At work, too, Italians and Irish have to rub shoulders. At Elaine's Bar on Second Avenue, the head waiter Giacomo Lodi, whose nephew Luigi Apolloni is in the Italian squad, at least has a ticket for the game, which is more than his Irish bar staff can claim between them. He has a photograph of his famous nephew pinned to his waistcoat for the evening shift.

But, of course, New York isn't half Irish or half Italian any more, if it ever was. These days it's largely Hispanic or black. The Hispanic community has arrived more recently and maintains a strong enthusiasm for football, yet the city as a whole still seems largely unaware of the impending World Cup. It's like arriving at a party where the hosts forgot to invite themselves.

With an expected global television audience of up to two billion, American businesses find the worldwide soccer market increasingly hard to ignore. But for most of America, the World Cup looks like hardly registering on the

Richter scale of sporting entertainment. Fifa may be around dollars 300m better off at the end of it all - and no doubt that's why we're here - but though football may have opened the wallets of the sponsors, it does not look like entering the souls of Americans. They have more than enough distractions already.

New York, for example, turns over big sports events faster than a street corner stall does hamburgers.
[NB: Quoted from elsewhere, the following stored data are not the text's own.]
lemma sq_diff_nonzero:
  assumes "inj_on kap {1..g+1}" and "(a,b) \<in> vdm_pairs g"
  shows "sq_diff kap a b \<noteq> 0"
  using assms by (auto simp: sq_diff_def vdm_pairs_def dest: inj_onD)

lemma finite_vdm_pairs: "finite (vdm_pairs g)"
  by (rule finite_subset[of _ "{1..g+1} \<times> {1..g+1}"]) (auto simp: vdm_pairs_def)

lemma KJ_square:
  assumes "J \<subseteq> {1..g+1}"
  shows "KJ kap J ^ 2 = quad_prod (vdm_pairs g) (sq_diff kap) (indic J)"
proof -
  have "KJ kap J ^ 2 = (\<Prod>(a,b)\<in>{(a,b). a \<in> J \<and> b \<in> J \<and> a < b}. sq_diff kap a b)"
    by (simp add: KJ_def sq_diff_def prod_power_distrib case_prod_unfold)
  also have "\<dots> = quad_prod (vdm_pairs g) (sq_diff kap) (indic J)"
    unfolding quad_prod_def
    by (rule prod.mono_neutral_cong_left[OF finite_vdm_pairs])
       (use assms in \<open>auto simp: vdm_pairs_def indic_def split: if_splits\<close>)
  finally show ?thesis .
qed

lemma KJ_nonzero:
  assumes "J \<subseteq> {1..g+1}" and "inj_on kap {1..g+1}"
  shows "KJ kap J \<noteq> 0"
proof -
  have "finite {(a,b). a \<in> J \<and> b \<in> J \<and> a < b}"
    by (rule finite_subset[of _ "J \<times> J"]) (use assms finite_subset in auto)
  then show ?thesis
    using assms by (auto simp: KJ_def inj_on_def)
qed

lemma prod_vdm_pairs:
  "(\<Prod>(a,b)\<in>vdm_pairs g. F a b) =
   (\<Prod>i=1..g. F 1 (Suc i)) * (\<Prod>(i,j)\<in>{(i,j). 1 \<le> i \<and> i < j \<and> j \<le> g}. F (Suc i) (Suc j))"
proof -
  let ?P = "{(i,j). 1 \<le> i \<and> i < j \<and> j \<le> g}"
  have split: "vdm_pairs g = (\<lambda>i. (1, Suc i)) ` {1..g} \<union> (\<lambda>(i,j). (Suc i, Suc j)) ` ?P"
  proof (intro equalityI subsetI)
    fix x assume "x \<in> vdm_pairs g"
    then obtain a b where x: "x = (a,b)" "1 \<le> a" "a < b" "b \<le> g+1"
      by (auto simp: vdm_pairs_def)
    show "x \<in> (\<lambda>i. (1, Suc i)) ` {1..g} \<union> (\<lambda>(i,j). (Suc i, Suc j)) ` ?P"
    proof (cases "a = 1")
      case True
      then show ?thesis
        using x by (intro UnI1 image_eqI[of _ _ "b - 1"]) auto
    next
      case False
      then show ?thesis
        using x by (intro UnI2 image_eqI[of _ _ "(a - 1, b - 1)"]) auto
    qed
  qed (auto simp: vdm_pairs_def)
  have "finite ?P"
    by (rule finite_subset[of _ "{1..g} \<times> {1..g}"]) auto
  then show ?thesis
    unfolding split by (subst prod.union_disjoint) (auto simp: prod.reindex inj_on_def case_prod_unfold)
qed

lemma a_coef_eq_quad_prod:
  assumes inj: "inj_on kap {1..g+1}"
  shows "a_coef g c kap = quad_prod (vdm_pairs g) (sq_diff kap) (BTc g c)"
proof -
  let ?P = "{(i,j). 1 \<le> i \<and> i < j \<and> j \<le> g}"
  define X where "X i = sq_diff kap 1 (Suc i)" for i
  have X: "X i \<noteq> 0" if "i \<in> {1..g}" for i
    using sq_diff_nonzero[OF inj, of 1 "Suc i"] that by (simp add: X_def vdm_pairs_def)
  have diag: "(kap (i+1) - kap 1) powi (-2 * (c i)^2) = inverse (X i powi (c i * c i))" for i
  proof -
    have "-2 * (c i)^2 = 2 * - (c i * c i)"
      by (simp add: power2_eq_square)
    then show ?thesis
      by (simp add: X_def sq_diff_def power_int_mult power_int_minus)
  qed
  have off_diag: "((kap (i+1) - kap (j+1))^2 / ((kap (i+1) - kap 1)^2 * (kap (j+1) - kap 1)^2))
                    powi (c i * c j) =
                  sq_diff kap (Suc i) (Suc j) powi (c i * c j) * inverse ((X i * X j) powi (c i * c j))"
    for i j
    by (simp add: X_def sq_diff_def power2_commute[of "kap (Suc i)"] power_int_divide_distrib
                  divide_inverse power_int_mult_distrib power_int_inverse)
  have "a_coef g c kap =
        (\<Prod>(i,j)\<in>?P. sq_diff kap (Suc i) (Suc j) powi (c i * c j)) *
        inverse ((\<Prod>i=1..g. X i powi (c i * c i)) * (\<Prod>(i,j)\<in>?P. (X i * X j) powi (c i * c j)))"
    unfolding a_coef_def diag off_diag by (simp add: prod.distrib prod_inversef[unfolded comp_def] case_prod_unfold)
  also have "\<dots> = (\<Prod>(i,j)\<in>?P. sq_diff kap (Suc i) (Suc j) powi (c i * c j)) *
                  (\<Prod>i=1..g. X i powi - (c i * (\<Sum>l=1..g. c l)))"
  proof -
    have sq: "(\<Prod>i=1..g. X i powi (c i * c i)) * (\<Prod>(i,j)\<in>?P. (X i * X j) powi (c i * c j)) =
              (\<Prod>i=1..g. X i powi (c i * (\<Sum>l=1..g. c l)))"
      by (rule prod_power_int_sum_square[OF X])
    show ?thesis
      unfolding sq by (simp add: prod_inversef[unfolded comp_def] power_int_minus)
  qed
  also have "\<dots> = quad_prod (vdm_pairs g) (sq_diff kap) (BTc g c)"
    by (auto simp: quad_prod_def prod_vdm_pairs X_def BTc_1[unfolded One_nat_def] BTc_Suc mult.commute
             intro!: prod.cong arg_cong2[where f = "(*)"])
  finally show ?thesis .
qed

lemma polar_prod_BTc:
  assumes "\<And>a b. (a,b) \<in> P \<Longrightarrow> q a b \<noteq> 0"
  shows "polar_prod P q w (BTc g c) = (\<Prod>l=1..g. polar_prod P q w (Bmat l) powi c l)"
proof -
  have "BTc g c = (\<lambda>m. \<Sum>l\<in>{1..g}. c l * Bmat l m)"
    by (simp add: fun_eq_iff BTc_def mult.commute)
  then show ?thesis
    using polar_prod_sum[OF assms, where w = w and L = "{1..g}" and c = c and z = Bmat] by simp
qed

lemma prod_lam_diag:
  assumes "S \<subseteq> {1..g+1}"
  shows "(\<Prod>j\<in>S. lam_diag lam j) = (\<Prod>l=1..g. lam l powi indic S (l+1))"
proof -
  have "(\<Prod>j\<in>S. lam_diag lam j) = (\<Prod>j\<in>{1..g+1} \<inter> S. lam_diag lam j)"
    by (simp only: Int_absorb1[OF assms])
  also have "\<dots> = (\<Prod>j=1..g+1. if j \<in> S then lam_diag lam j else 1)"
    by (rule prod.inter_restrict) simp
  also have "\<dots> = (\<Prod>l=1..g. lam l powi indic S (l+1))"
    unfolding prod_atLeast1_atMost_add1 by (auto simp: lam_diag_def indic_def intro!: prod.cong)
  finally show ?thesis .
qed

lemma alpha_tilde_eq_alpha_tilde_expl:
  assumes ok: "params_ok g lam kap" and J: "J \<in> ksubsets (g+1) k"
  shows "alpha_tilde k lam kap J = alpha_tilde_expl g k lam kap J"
proof -
  note JS = ksubsetsD(1)[OF J] and card = ksubsetsD(2)[OF J] and IS = ksubsetsD(3)[OF J]
  have lam: "\<And>l. l \<in> {1..g} \<Longrightarrow> lam l \<noteq> 0" and inj: "inj_on kap {1..g+1}"
    using ok by (auto simp: params_ok_def)
  define LJ where "LJ = (\<Prod>j\<in>J. lam_diag lam j)"
  define LI where "LI = (\<Prod>j\<in>{1..k}. lam_diag lam j)"
  have minor_J: "minor k (Atilde lam kap) J = KJ kap J * LJ"
    using minor_Atilde[OF finite_subset[OF JS]] card by (simp add: LJ_def)
  have minor_I: "minor k (Atilde lam kap) {1..k} = KJ kap {1..k} * LI"
    using minor_Atilde[of "{1..k}"] by (simp add: LI_def)
  have "LI \<noteq> 0"
    unfolding LI_def prod_lam_diag[OF IS] using lam by simp
  moreover have "KJ kap {1..k} \<noteq> 0"
    by (rule KJ_nonzero[OF IS inj])
  moreover have lam_prod: "(\<Prod>l=1..g. lam l powi BTc g (cvec g k J) (l+1)) = LJ / LI"
  proof -
    have "lam l powi BTc g (cvec g k J) (l+1) = lam l powi indic J (l+1) / lam l powi indic {1..k} (l+1)"
      if "l \<in> {1..g}" for l
    proof -
      have "BTc g (cvec g k J) (l+1) = indic J (l+1) - indic {1..k} (l+1)"
        using bspec[OF cvec_spec[OF J], of "l+1"] that by (simp add: svec_eq_indic eq_diff_eq)
      then show ?thesis
        using lam[OF that] by (simp add: power_int_diff)
    qed
    then have "(\<Prod>l=1..g. lam l powi BTc g (cvec g k J) (l+1)) =
               (\<Prod>l=1..g. lam l powi indic J (l+1) / lam l powi indic {1..k} (l+1))"
      by (intro prod.cong) auto
    also have "\<dots> = LJ / LI"
      by (simp only: prod_dividef LJ_def LI_def prod_lam_diag[OF JS] prod_lam_diag[OF IS])
    finally show ?thesis .
  qed
  ultimately show ?thesis
    unfolding alpha_tilde_def alpha_tilde_expl_def minor_J minor_I lam_prod
    by (simp add: power2_eq_square field_simps)
qed

(* beta_l = beta_factor g k kap l / lambda_l is the change of torus coordinates. *)
definition beta_factor :: "nat \<Rightarrow> nat \<Rightarrow> (nat \<Rightarrow> complex) \<Rightarrow> nat \<Rightarrow> complex" where
  "beta_factor g k kap l = polar_prod (vdm_pairs g) (sq_diff kap) (svec k) (Bmat l)"

lemma beta_factor_nonzero:
  assumes "inj_on kap {1..g+1}"
  shows "beta_factor g k kap l \<noteq> 0"
  unfolding beta_factor_def by (rule polar_prod_nonzero) (rule sq_diff_nonzero[OF assms])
Just this week, the city's ice hockey team, the New York Rangers, won the Stanley Cup at Madison Square Garden, claiming a

trophy that had eluded them for 54 years, and triggering a ticker- tape reception on Seventh Avenue like the end of World War Two.

At the same venue, the following night, the Knicks, the local basketball team, had a huge crunch game in another series, and the New York Mets seem to play baseball every night. So what's so special about this soccer game on a Saturday afternoon?

Really one cannot imagine any of the world's cities outside of North America not being dominated by an event like the World Cup. Yet, despite the hordes of football fans already here, and the long-standing presence of the Irish and Italian communities in the city, New York looks as if, like the rest of America, it will gladly 'do the business' but keep its heart well away from its wallet.